• [WHAT THE TASK REQUIRES]
Starting at the line that contains "using gen_time_le[OF elsewhere]", repeat each line exactly through the last line of the listing, and repeat nothing else.

• [WORKING DATA]
# # #

(* Let the universe be $\mathbb{Z}$ and let $\mathcal{C}=\{\mathbb{Z}\setminus\{i\}\}_{i\in\mathbb{Z}}$. There is no algorithm that non-uniformly generates from $\mathcal{C}$ and whose generation times form a Pareto-optimal sequence.
   Context: Index the languages of $\mathcal{C}$ as $L_1,L_2,\ldots$ by any enumeration without repetition. An enumeration of a language $L$ is a sequence $x_1,x_2,\ldots$ with every $x_t\in L$ and every $x\in L$ equal to some $x_t$. A generating algorithm at each time $t\ge1$ receives $x_1,\ldots,x_t$ and outputs $z_t$; $S_t$ is the set of distinct strings among $x_1,\ldots,x_t$. An algorithm $\mathcal{G}$ non-uniformly generates from $\mathcal{C}$ if for every $i$ there is a finite $t(L_i)$ such that for every enumeration of $L_i$, $z_t\in L_i\setminus S_t$ whenever $|S_t|\ge t(L_i)$; its generation time $t_{\mathcal{G}}(L_i)$ is the least such value ($\infty$ if none). A sequence $t(L_1),t(L_2),\ldots$ is Pareto-optimal if every algorithm $\mathcal{G}$ that non-uniformly generates from $\mathcal{C}$ and satisfies $t_{\mathcal{G}}(L_i)<t(L_i)$ for some $i$ also satisfies $t_{\mathcal{G}}(L_j)>t(L_j)$ for some other $j$. *)

theory Defs
  imports Main "HOL-Library.Extended_Nat"
begin

text \<open>An algorithm is an arbitrary function from the finite prefix
  x_1,...,x_t (a nonempty list) to an output string z_t.
  An enumeration of L is a sequence x :: nat => 'a (x 0 plays the role of x_1)
  whose range is exactly L.  At time t >= 1 the algorithm sees
  map x [0..<t] and S_t = x ` {..<t}.\<close>

definition is_enumeration :: "(nat \<Rightarrow> 'a) \<Rightarrow> 'a set \<Rightarrow> bool" where
  "is_enumeration x L \<longleftrightarrow> range x = L"

definition gen_bound :: "('a list \<Rightarrow> 'a) \<Rightarrow> 'a set \<Rightarrow> nat \<Rightarrow> bool" where
  "gen_bound G L T \<longleftrightarrow>
     (\<forall>x. is_enumeration x L \<longrightarrow>
        (\<forall>t\<ge>1. card (x ` {..<t}) \<ge> T \<longrightarrow> G (map x [0..<t]) \<in> L - x ` {..<t}))"

definition gen_time :: "('a list \<Rightarrow> 'a) \<Rightarrow> 'a set \<Rightarrow> enat" where
  "gen_time G L = (if \<exists>T. gen_bound G L T then enat (LEAST T. gen_bound G L T) else \<infinity>)"

definition nonuniform_generates :: "('a list \<Rightarrow> 'a) \<Rightarrow> (nat \<Rightarrow> 'a set) \<Rightarrow> bool" where
  "nonuniform_generates G Lf \<longleftrightarrow> (\<forall>i. \<exists>T. gen_bound G (Lf i) T)"

definition pareto_optimal :: "(nat \<Rightarrow> 'a set) \<Rightarrow> (nat \<Rightarrow> enat) \<Rightarrow> bool" where
  "pareto_optimal Lf tt \<longleftrightarrow>
     (\<forall>G i. nonuniform_generates G Lf \<and> gen_time G (Lf i) < tt i \<longrightarrow>
        (\<exists>j. j \<noteq> i \<and> gen_time G (Lf j) > tt j))"

end

theory Submission
  imports Defs "HOL-Library.Countable"
begin

text \<open>An adversary that first lists a finite set \<open>W\<close> and then the rest of
  \<open>\<int> - {z}\<close>, with \<open>z \<notin> W\<close> chosen after seeing the algorithm's answer on \<open>W\<close>,
  defeats every generator on the prefix \<open>W\<close>; so for each \<open>W\<close> some language
  \<open>\<int> - {z}\<close> has generation time exceeding \<open>|W|\<close>. Given any generator with
  generation times \<open>t\<close>, pick \<open>a\<close> with \<open>t(a) \<ge> 2\<close> and modify the generator on
  prefixes of size \<open>t(a) - 1\<close> avoiding \<open>a\<close>: it then outputs an unseen \<open>z \<noteq> a\<close>
  whose time exceeds the prefix size. This lowers the time on \<open>\<int> - {a}\<close> by one
  and raises no other time, so the original times were not Pareto-optimal.\<close>

lemma gen_time_le: "gen_bound G L T \<Longrightarrow> gen_time G L \<le> enat T"
  unfolding gen_time_def by (auto intro: Least_le)

lemma gen_time_attained:
  assumes "gen_bound G L T"
  obtains n where "gen_time G L = enat n" and "gen_bound G L n"
proof -
  have "gen_bound G L (LEAST T. gen_bound G L T)"
    using assms by (rule LeastI)
  moreover have "gen_time G L = enat (LEAST T. gen_bound G L T)"
    using assms unfolding gen_time_def by auto
  ultimately show ?thesis
    using that by blast
qed

lemma is_enumeration_with_prefix:
  fixes xs :: "'a::countable list"
  assumes "xs \<noteq> []" and "set xs \<subseteq> L"
  obtains x where "is_enumeration x L" and "map x [0..<length xs] = xs"
proof
  define n where "n = length xs"
  define x where
    "x i = (if i < n then xs ! i else if from_nat (i - n) \<in> L then from_nat (i - n) else hd xs)" for i
  have "map x [0..<n] = map ((!) xs) [0..<n]"
    by (rule map_cong) (simp_all add: x_def)
  then show "map x [0..<length xs] = xs"
    by (simp add: n_def map_nth)
  have "range x \<subseteq> L"
    using assms by (auto simp: x_def n_def hd_in_set)
  moreover have "y \<in> range x" if "y \<in> L" for y
  proof
    show "y = x (to_nat y + n)"
      using that by (simp add: x_def)
  qed simp
  ultimately show "is_enumeration x L"
    unfolding is_enumeration_def by blast
qed

lemma large_gen_bound_beyond:
  fixes G :: "'a::countable list \<Rightarrow> 'a"
  assumes "infinite (UNIV :: 'a set)" and "finite W" and "W \<noteq> {}"
  obtains z where "z \<notin> W" and "\<And>T. gen_bound G (UNIV - {z}) T \<Longrightarrow> card W < T"
proof -
  obtain xs where xs: "set xs = W"
    using \<open>finite W\<close> finite_list by blast
  with \<open>W \<noteq> {}\<close> have "xs \<noteq> []" by auto
  obtain z where "z \<notin> W" and answer_wrong: "G xs \<in> W \<or> G xs = z"
    \<comment> \<open>exclude the answer itself from the language, unless it was already seen\<close>
  proof (cases "G xs \<in> W")
    case True
    then show ?thesis
      using that ex_new_if_finite[OF assms(1,2)] by blast
  qed (use that in blast)
  obtain x where x: "is_enumeration x (UNIV - {z})" and prefix: "map x [0..<length xs] = xs"
    using is_enumeration_with_prefix[OF \<open>xs \<noteq> []\<close>, of "UNIV - {z}"] xs \<open>z \<notin> W\<close> by blast
  have seen: "x ` {..<length xs} = W"
    using arg_cong[OF prefix, of set] xs by (simp add: atLeast0LessThan)
  have "card W < T" if "gen_bound G (UNIV - {z}) T" for T
  proof (rule ccontr)
    assume "\<not> card W < T"
    then have "G xs \<in> (UNIV - {z}) - W"
      using that x prefix seen \<open>xs \<noteq> []\<close> unfolding gen_bound_def
      by (metis One_nat_def Suc_leI length_greater_0_conv not_less)
    with answer_wrong show False by blast
  qed
  with \<open>z \<notin> W\<close> that show ?thesis by blast
qed

lemma gen_bound_redirected:
  fixes G :: "'a list \<Rightarrow> 'a" and tb :: "'a \<Rightarrow> nat"
  assumes bounds: "\<And>c. gen_bound G (UNIV - {c}) (tb c)"
    and pick: "\<And>S. finite S \<Longrightarrow> a \<notin> S \<Longrightarrow> pick S \<notin> insert a S \<and> card S < tb (pick S)"
  defines "G' \<equiv> \<lambda>xs. if a \<notin> set xs \<and> card (set xs) = tb a - 1 then pick (set xs) else G xs"
  shows "gen_bound G' (UNIV - {a}) (tb a - 1)"
    and "b \<noteq> a \<Longrightarrow> gen_bound G' (UNIV - {b}) (tb b)"
proof -
  have set_prefix: "set (map x [0..<t]) = x ` {..<t}" for x :: "nat \<Rightarrow> 'a" and t
    by (auto simp: atLeast0LessThan)
  show "gen_bound G' (UNIV - {a}) (tb a - 1)"
    unfolding gen_bound_def
  proof (intro allI impI)
    fix x t
    assume x: "is_enumeration x (UNIV - {a})" and "1 \<le> t" and size: "tb a - 1 \<le> card (x ` {..<t})"
    have "a \<notin> x ` {..<t}"
      using x unfolding is_enumeration_def by auto
    moreover have "G (map x [0..<t]) \<in> UNIV - {a} - x ` {..<t}"
      if "card (x ` {..<t}) \<noteq> tb a - 1"
      using bounds[of a] x \<open>1 \<le> t\<close> size that unfolding gen_bound_def by auto
    ultimately show "G' (map x [0..<t]) \<in> UNIV - {a} - x ` {..<t}"
      using pick[of "x ` {..<t}"] unfolding G'_def set_prefix by auto
  qed
  assume "b \<noteq> a"
  show "gen_bound G' (UNIV - {b}) (tb b)"
    unfolding gen_bound_def
  proof (intro allI impI)
    fix x t
    assume x: "is_enumeration x (UNIV - {b})" and "1 \<le> t" and size: "tb b \<le> card (x ` {..<t})"
    have "pick (x ` {..<t}) \<noteq> b" if "a \<notin> x ` {..<t}"
      using pick[of "x ` {..<t}"] size that by auto
    moreover have "G (map x [0..<t]) \<in> UNIV - {b} - x ` {..<t}"
      using bounds[of b] x \<open>1 \<le> t\<close> size unfolding gen_bound_def by blast
    ultimately show "G' (map x [0..<t]) \<in> UNIV - {b} - x ` {..<t}"
      using pick[of "x ` {..<t}"] unfolding G'_def set_prefix by auto
  qed
qed

lemma gen_bound_lowered_at:
  fixes G :: "'a::countable list \<Rightarrow> 'a" and tb :: "'a \<Rightarrow> nat"
  assumes "infinite (UNIV :: 'a set)" and bounds: "\<And>c. gen_bound G (UNIV - {c}) (tb c)"
  obtains G' where "gen_bound G' (UNIV - {a}) (tb a - 1)"
    and "\<And>b. b \<noteq> a \<Longrightarrow> gen_bound G' (UNIV - {b}) (tb b)"
proof -
  define pick where "pick S = (SOME z. z \<notin> insert a S \<and> card S < tb z)" for S
  have "pick S \<notin> insert a S \<and> card S < tb (pick S)" if "finite S" "a \<notin> S" for S
  proof -
    obtain z where "z \<notin> insert a S" and "card (insert a S) < tb z"
      using large_gen_bound_beyond[OF assms(1), of "insert a S" G] bounds \<open>finite S\<close> by blast
    then have "\<exists>z. z \<notin> insert a S \<and> card S < tb z"
      using that by auto
    then show ?thesis
      unfolding pick_def by (rule someI_ex)
  qed
  from gen_bound_redirected[OF bounds this] that show ?thesis by blast
qed

lemma not_pareto_optimal_if_improved:
  assumes "nonuniform_generates G' Lf"
    and "gen_time G' (Lf i) < gen_time G (Lf i)"
    and "\<And>j. j \<noteq> i \<Longrightarrow> gen_time G' (Lf j) \<le> gen_time G (Lf j)"
  shows "\<not> pareto_optimal Lf (\<lambda>k. gen_time G (Lf k))"
  using assms unfolding pareto_optimal_def by (meson leD)

theorem mainTheorem4:
  fixes idx :: "nat \<Rightarrow> int"
  assumes "bij idx"
  shows "\<not> (\<exists>G :: int list \<Rightarrow> int.
            nonuniform_generates G (\<lambda>k. UNIV - {idx k}) \<and>
            pareto_optimal (\<lambda>k. UNIV - {idx k}) (\<lambda>k. gen_time G (UNIV - {idx k})))"
proof clarify
  fix G :: "int list \<Rightarrow> int"
  assume generates: "nonuniform_generates G (\<lambda>k. UNIV - {idx k})"
    and optimal: "pareto_optimal (\<lambda>k. UNIV - {idx k}) (\<lambda>k. gen_time G (UNIV - {idx k}))"
  have idx_onto: "c = idx (inv idx c)" for c
    using assms by (simp add: bij_is_surj surj_f_inv_f)
  have "\<exists>n. gen_time G (UNIV - {c}) = enat n \<and> gen_bound G (UNIV - {c}) n" for c
    using generates gen_time_attained unfolding nonuniform_generates_def by (metis idx_onto)
  then obtain tb where time: "\<And>c. gen_time G (UNIV - {c}) = enat (tb c)"
    and bounds: "\<And>c. gen_bound G (UNIV - {c}) (tb c)" by metis
  obtain a where "card {0 :: int} < tb a"
    using large_gen_bound_beyond[OF infinite_UNIV_int, of "{0}" G] bounds by blast
  then have "1 < tb a"
    by simp
  obtain G' where at_a: "gen_bound G' (UNIV - {a}) (tb a - 1)"
    and elsewhere: "\<And>b. b \<noteq> a \<Longrightarrow> gen_bound G' (UNIV - {b}) (tb b)"
    using gen_bound_lowered_at[OF infinite_UNIV_int bounds] by blast
  have "nonuniform_generates G' (\<lambda>k. UNIV - {idx k})"
    unfolding nonuniform_generates_def
  proof
    show "\<exists>T. gen_bound G' (UNIV - {idx k}) T" for k
      by (cases "idx k = a") (use at_a elsewhere in auto)
  qed
  moreover have "gen_time G' (UNIV - {idx (inv idx a)}) < gen_time G (UNIV - {idx (inv idx a)})"
    using gen_time_le[OF at_a] time \<open>1 < tb a\<close> idx_onto[of a] by (simp add: order_le_less_trans)
  moreover have "gen_time G' (UNIV - {idx j}) \<le> gen_time G (UNIV - {idx j})" if "j \<noteq> inv idx a" for j
    using gen_time_le[OF elsewhere] time that assms by (metis bij_inv_eq_iff)
  ultimately show False
    using not_pareto_optimal_if_improved optimal by blast
qed

end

# # #

• [SOLUTION TO THIS EXERCISE]
    using gen_time_le[OF elsewhere] time that assms by (metis bij_inv_eq_iff)
  ultimately show False
    using not_pareto_optimal_if_improved optimal by blast
qed

end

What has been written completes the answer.